Sign on the dotted line

While the e-signature business is useful for Dropbox in its efforts to attract more commercial customers, the acquisition cost alone wouldn’t have been worth it if that was all HelloSign offered. HelloSign’s workflow application, HelloWorks, is the real reason Dropbox saw it as an attractive purchase.

Online documentation has typically centered around the portable document format (PDF), a file format created by Adobe. But HelloSign is essentially trying to eliminate that by automatically syncing the data and e-signatures within a file to a company’s back-end systems.

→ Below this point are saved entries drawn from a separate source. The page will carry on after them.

lemma bruhat_maximal_unique:
  assumes "dominant \<theta>"
    and max1: "bruhat_maximal \<Phi> c {w\<in>W. w \<alpha> = \<theta>} w1"
    and max2: "bruhat_maximal \<Phi> c {w\<in>W. w \<alpha> = \<theta>} w2"
  shows "w1 = w2"
proof -
  have w1: "w1 \<in> W" "w1 \<alpha> = \<theta>" and w2: "w2 \<in> W" "w2 \<alpha> = \<theta>"
    using max1 max2 unfolding bruhat_maximal_def by auto
  have "w1 \<circ> inv w2 = id"
  proof (rule weyl_stabilizer_eq_id)
    show "w1 \<circ> inv w2 \<in> W" using weyl_comp[OF w1(1) inv_weyl[OF w2(1)]] .
    have "inv w2 \<theta> = \<alpha>" using weyl_inv_eq_iff[OF w2(1)] w2(2) by blast
    then show "(w1 \<circ> inv w2) \<theta> = \<theta>" using w1(2) by simp
    fix a assume a: "a \<in> \<Delta>" "a \<bullet> \<theta> = 0"
    define \<delta> where "\<delta> = inv w2 a"
    have \<delta>: "\<delta> \<in> \<Phi>" "w2 \<delta> = a"
      using weyl_root[OF inv_weyl[OF w2(1)] simple_root[OF a(1)]] w2(1) by (auto simp: \<delta>_def)
    have "\<delta> \<bullet> \<alpha> = 0" using inner_weyl[OF w2(1), of \<delta> \<alpha>] \<delta>(2) w2(2) a(2) by simp
    then have "c \<bullet> \<delta> < 0"
      using bruhat_maximal_pos_iff[OF max2 \<delta>(1)] \<delta>(2) simple_inner_pos[OF a(1)] by simp
    then show "0 < c \<bullet> (w1 \<circ> inv w2) a"
      using bruhat_maximal_pos_iff[OF max1 \<delta>(1) \<open>\<delta> \<bullet> \<alpha> = 0\<close>] by (simp add: \<delta>_def)
  qed fact
  show ?thesis
  proof
    fix v
    have "w1 v = (w1 \<circ> inv w2) (w2 v)" using w2(1) by simp
    also have "\<dots> = w2 v" unfolding \<open>w1 \<circ> inv w2 = id\<close> by simp
    finally show "w1 v = w2 v" .
  qed
qed

end

theorem mainTheorem13:
  fixes \<Phi> :: "'a::euclidean_space set" and c \<theta> \<alpha> :: 'a
  assumes "root_system \<Phi>" and "irreducible_rs \<Phi>"
    and "regular_vec \<Phi> c"
    and "highest_root \<Phi> c \<theta>"
    and "\<alpha> \<in> \<Phi>" and "\<alpha> \<bullet> \<alpha> = \<theta> \<bullet> \<theta>"
  shows "\<exists>!w. w \<in> weyl_group \<Phi> \<and> inv w \<theta> = \<alpha> \<and>
            (\<forall>u. u \<in> weyl_group \<Phi> \<and> inv u \<theta> = \<alpha> \<and> bruhat_le \<Phi> c w u \<longrightarrow> u = w)"
proof -
  interpret positive_system \<Phi> c using assms(1,3) by unfold_locales
  define S where "S = {w \<in> W. w \<alpha> = \<theta>}"
  have max_iff: "bruhat_maximal \<Phi> c S w \<longleftrightarrow>
      w \<in> W \<and> inv w \<theta> = \<alpha> \<and> (\<forall>u. u \<in> W \<and> inv u \<theta> = \<alpha> \<and> bruhat_le \<Phi> c w u \<longrightarrow> u = w)" for w
    using weyl_inv_eq_iff unfolding S_def bruhat_maximal_def by blast
  have "finite S" "S \<noteq> {}"
    using finite_weyl highest_root_conj[OF assms(4-6)] by (auto simp: S_def)
  then obtain w where "bruhat_maximal \<Phi> c S w" using exists_bruhat_maximal by blast
  moreover have "w' = w" if "bruhat_maximal \<Phi> c S w'" for w'
    using bruhat_maximal_unique highest_root_dominant[OF assms(4)] that calculation
    unfolding S_def by blast
  ultimately show ?thesis unfolding max_iff[symmetric] by (rule ex1I)
qed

It does so by creating unique input forms that query a user initially, but ultimately minimizes the amount of manual data entry the user is required to perform. Enter data once, and HelloWorks populates that information throughout a document where needed on successive uses. HelloSign says this feature is especially useful on mobile devices, where interactive PDFs are a challenge.

Such services also would be particularly helpful in situations like insurance claims, mortgage applications, real estate closings, and employee onboarding. HelloSign originally began as virtual faxing service HelloFax, and still offers faxing capabilities.

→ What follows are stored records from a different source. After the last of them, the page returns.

lemma card_greedy_vertices_ge_Node:
  assumes "t \<noteq> Leaf"
  shows "4 * greedy_LIS t + 1 \<le> 3 * card (greedy_vertices t)"
proof -
  obtain s l r where t: "t = Node s l r"
    using assms by (cases t) auto
  have "2 \<le> greedy_LIS t \<or> 2 * greedy_LIS t \<le> card (greedy_vertices t)"
    using greedy_LIS_ge_1[of l] greedy_LIS_ge_1[of r]
      card_greedy_vertices_ge[of l] card_greedy_vertices_ge[of r]
    by (auto simp: t card_greedy_vertices_Node simp del: greedy_vertices.simps(2))
  then show ?thesis
    using card_greedy_vertices_ge[of t] greedy_LIS_ge_1[of t] by linarith
qed

lemma greedy_LIS_insert_plus:
  "i \<in> greedy_vertices t \<Longrightarrow> greedy_LIS t + 1 \<le> greedy_LIS (insert_at i True side t)"
proof (induction t arbitrary: i)
  case (Node s l r)
  show ?case
  proof (cases i)
    case (Suc j)
    then consider "j \<in> greedy_vertices l" "s \<or> greedy_LIS r \<le> greedy_LIS l"
      | j' where "j = j' + nverts l" "j' \<in> greedy_vertices r" "s \<or> \<not> greedy_LIS r \<le> greedy_LIS l"
      using Node.prems by (auto split: if_splits)
    then show ?thesis
    proof cases
      case 1
      then show ?thesis
        using Suc greedy_vertices_subset Node.IH(1)[of j] by fastforce
    next
      case 2
      then show ?thesis
        using Suc Node.IH(2)[of j'] by auto
    qed
  qed simp
qed simp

Shortening the distance between employer and employee

Dropbox is counting on these capabilities to help it grow its commercial document business. Long popular with consumers looking for a place to store documents, photos, and more, Dropbox has set its sights on business for its next leg of growth. To do well, it needed a point of differentiation to separate it from a field crowded with Alphabet, Microsoft, Box, and EMC, all of which are also targeting enterprise-level customers.

Because the workforce in many companies is increasingly decentralized, and collaboration tools between workers and companies has not kept up, HelloSign could help Dropbox bring spreadout workers closer together. The e-signature business may pay for the acquisition cost alone, with the workflow segment being the strategic profit driver for the future.

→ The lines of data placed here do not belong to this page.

(* Let Assumptions A1, A2 and A3 hold. Let the maximal iteration number $T\in\mathbb{N}$ satisfy $T\le\frac{1}{2\eta\gamma^2\varepsilon^2}$, and let the step size satisfy $0<\eta\le\frac{1}{\beta^2\gamma^2}$. Assume the radius $R$ in A3 satisfies $$R\ge2\|r_0\|\max\Big(\eta\gamma\beta\big(1+2\eta\gamma^2(\varepsilon_0^2+\beta\varepsilon)T\big),\ \sqrt T\big(\sqrt\eta+\eta\gamma\sqrt T(\varepsilon+\varepsilon_0+\eta\gamma^2\beta(\varepsilon_0^2+\varepsilon\beta)T)\big)\Big).$$ Then for all $\tau\le T$: $$\|\theta_\tau-\theta_0\|\le\tfrac R2,$$ $$\|\tilde r_\tau-r_\tau\|\le2\eta\gamma^2(\varepsilon_0^2+\beta\varepsilon)\,\tau\,\|r_0\|,$$ $$\|\tilde\theta_\tau-\theta_\tau\|\le\eta\gamma\big(\varepsilon+\varepsilon_0+\eta\gamma^2\beta(\varepsilon_0^2+\varepsilon\beta)\tau\big)\tau\|r_0\|.$$
   Context: Norms: $\|\cdot\|$ is the Euclidean norm for vectors and the spectral norm for matrices. Setting. Let $f:\mathbb{R}^N\to\mathbb{R}^n$ be continuously differentiable with Jacobian $\mathcal{J}(\theta)\in\mathbb{R}^{n\times N}$. Let $A\in\mathbb{R}^{m\times n}$ and let $\gamma\ge\|A\|$. Fix $y\in\mathbb{R}^m$, a starting point $\theta_0\in\mathbb{R}^N$, and a fixed deterministic "reference Jacobian" $J\in\mathbb{R}^{n\times N}$. Iterations. Gradient descent with step size $\eta>0$ is applied to $\mathcal{L}(\theta)=\frac12\|Af(\theta)-y\|^2$ and to $\mathcal{L}_{\rm lin}(\theta)=\frac12\|Af(\theta_0)+AJ(\theta-\theta_0)-y\|^2$, both started at $\theta_0=\tilde\theta_0$: $$\theta_{\tau+1}=\theta_\tau-\eta\mathcal{J}(\theta_\tau)^\top A^\top r_\tau,\qquad r_\tau:=Af(\theta_\tau)-y,$$ $$\tilde\theta_{\tau+1}=\tilde\theta_\tau-\eta J^\top A^\top\tilde r_\tau,\qquad \tilde r_\tau:=Af(\theta_0)+AJ(\tilde\theta_\tau-\theta_0)-y.$$ Assumption A1: there is $\beta>0$ with $\|J\|\le\beta$ and $\|\mathcal{J}(\theta)\|\le\beta$ for all $\theta\in\mathbb{R}^N$. Assumption A2: there is $\varepsilon_0>0$ with $\|\mathcal{J}(\theta_0)-J\|\le\varepsilon_0$ and $\|\mathcal{J}(\theta_0)\mathcal{J}(\theta_0)^\top-JJ^\top\|\le\varepsilon_0^2$. Assumption A3: there are $\varepsilon>0$ and $R>0$ with $\|\mathcal{J}(\theta)-\mathcal{J}(\theta_0)\|\le\varepsilon/2$ for all $\theta$ satisfying $\|\theta-\theta_0\|\le R$. *)

theory Defs
  imports "HOL-Analysis.Analysis"
begin

definition spec_norm :: "real^'c^'r \<Rightarrow> real" where
  "spec_norm M = onorm (\<lambda>x. M *v x)"

end

theory Submission
  imports Defs
begin

text \<open>
  Both iterations are gradient steps on least-squares residuals. Since \<open>\<eta>\<beta>\<^sup>2\<gamma>\<^sup>2 \<le> 1\<close>, each step of
  the linearized iteration decreases the squared residual by at least \<open>\<eta>\<close> times the squared
  gradient; so the linear residual never exceeds \<open>\<parallel>r\<^sub>0\<parallel>\<close> and, by Cauchy-Schwarz over the steps,
  the linear iterate stays within \<open>\<surd>(\<tau>\<eta>) \<parallel>r\<^sub>0\<parallel>\<close> of \<open>\<theta>\<^sub>0\<close>. The nonlinear residual obeys the same
  descent up to a linearization error of relative size \<open>\<gamma>\<epsilon>\<close>, so its square grows at most by the
  factor \<open>(1 + \<eta>\<gamma>\<^sup>2\<epsilon>\<^sup>2)\<^sup>\<tau> \<le> 2\<close>. While \<open>\<theta>\<^sub>\<tau>\<close> stays in the ball of radius \<open>R\<close>, the two residual
  updates differ by the mismatch of the Gram matrices (\<open>\<epsilon>\<^sub>0\<^sup>2\<close>), the drift of the Jacobian (\<open>\<epsilon>/2\<close>) and
  the linearization error (\<open>\<epsilon>/2\<close>), each proportional to \<open>\<parallel>r\<^sub>\<tau>\<parallel>\<close>: the residual gap grows linearly
  and the parameter gap quadratically in \<open>\<tau>\<close>. The condition on \<open>R\<close> is exactly what makes these
  bounds keep \<open>\<theta>\<^sub>\<tau>\<close> within \<open>R/2\<close> of \<open>\<theta>\<^sub>0\<close>, which closes the induction.
\<close>

section \<open>Spectral norm estimates\<close>

lemma matrix_vector_mult_uminus_right [simp]: "M *v (- x) = - (M *v x)"
  for M :: "'a::ring_1^'c^'r"
  by (simp add: matrix_vector_mult_def vec_eq_iff sum_negf)

lemma transpose_diff: "transpose (M - N) = transpose M - transpose (N :: 'a::ab_group_add^'c^'r)"
  by (simp add: transpose_def vec_eq_iff)

lemma norm_mult_vec_le_spec_norm:
  fixes M :: "real^'c^'r"
  shows "norm (M *v x) \<le> spec_norm M * norm x"
  unfolding spec_norm_def by (rule onorm) simp

lemma spec_norm_nonneg: "0 \<le> spec_norm (M :: real^'c^'r)"
  unfolding spec_norm_def by (rule onorm_pos_le) simp

lemma spec_norm_le:
  fixes M :: "real^'c^'r"
  assumes "\<And>x. norm (M *v x) \<le> e * norm x"
  shows "spec_norm M \<le> e"
  unfolding spec_norm_def by (rule onorm_le) (rule assms)

lemma spec_norm_transpose_le: "spec_norm (transpose M) \<le> spec_norm (M :: real^'c^'r)"
proof (rule spec_norm_le)
  fix x :: "real^'r"
  define z where "z = transpose M *v x"
  have "norm z * norm z = z \<bullet> z"
    by (simp flip: power2_norm_eq_inner add: power2_eq_square)
  also have "\<dots> = x \<bullet> (M *v z)"
    unfolding z_def transpose_matrix_vector by (rule dot_lmul_matrix)
  also have "\<dots> \<le> norm x * (spec_norm M * norm z)"
    by (rule order_trans[OF norm_cauchy_schwarz]) (simp add: mult_left_mono norm_mult_vec_le_spec_norm)
  finally have "norm z * norm z \<le> (spec_norm M * norm x) * norm z"
    by (simp add: mult_ac)
  then show "norm z \<le> spec_norm M * norm x"
    by (cases "norm z = 0") (auto simp: spec_norm_nonneg)
qed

Dropbox and HelloSign already have a shared history, as the latter was one of the companies involved in the launch of Dropbox’s Extensions, which enabled the cloud storage service to offer tools that helped users work with other products. While e-signatures from HelloSign (and DocuSign and Adobe) were included, the tools were further extended to allow editing of video in Vimeo, images in Pixlr, PDFs in Smallpdf, and DWG files and drawings in AutoDesk‘s namesake app.

Key investment takeaway

Physical signatures are still a requirement in many places, but e-signatures are becoming much more commonplace. Buying HelloSign will enable Dropbox to meet the growing demand while luring more businesses to its platform.

Adding more functionality to its service should help Dropbox grow revenue per user at the same time it converts more free users to paying ones. Dropbox is most readily recognized as a consumer application, causing it to be ignored as a viable business tool. The HelloSign acquisition will help resolve this issue and associate Dropbox more closely with the enterprise market.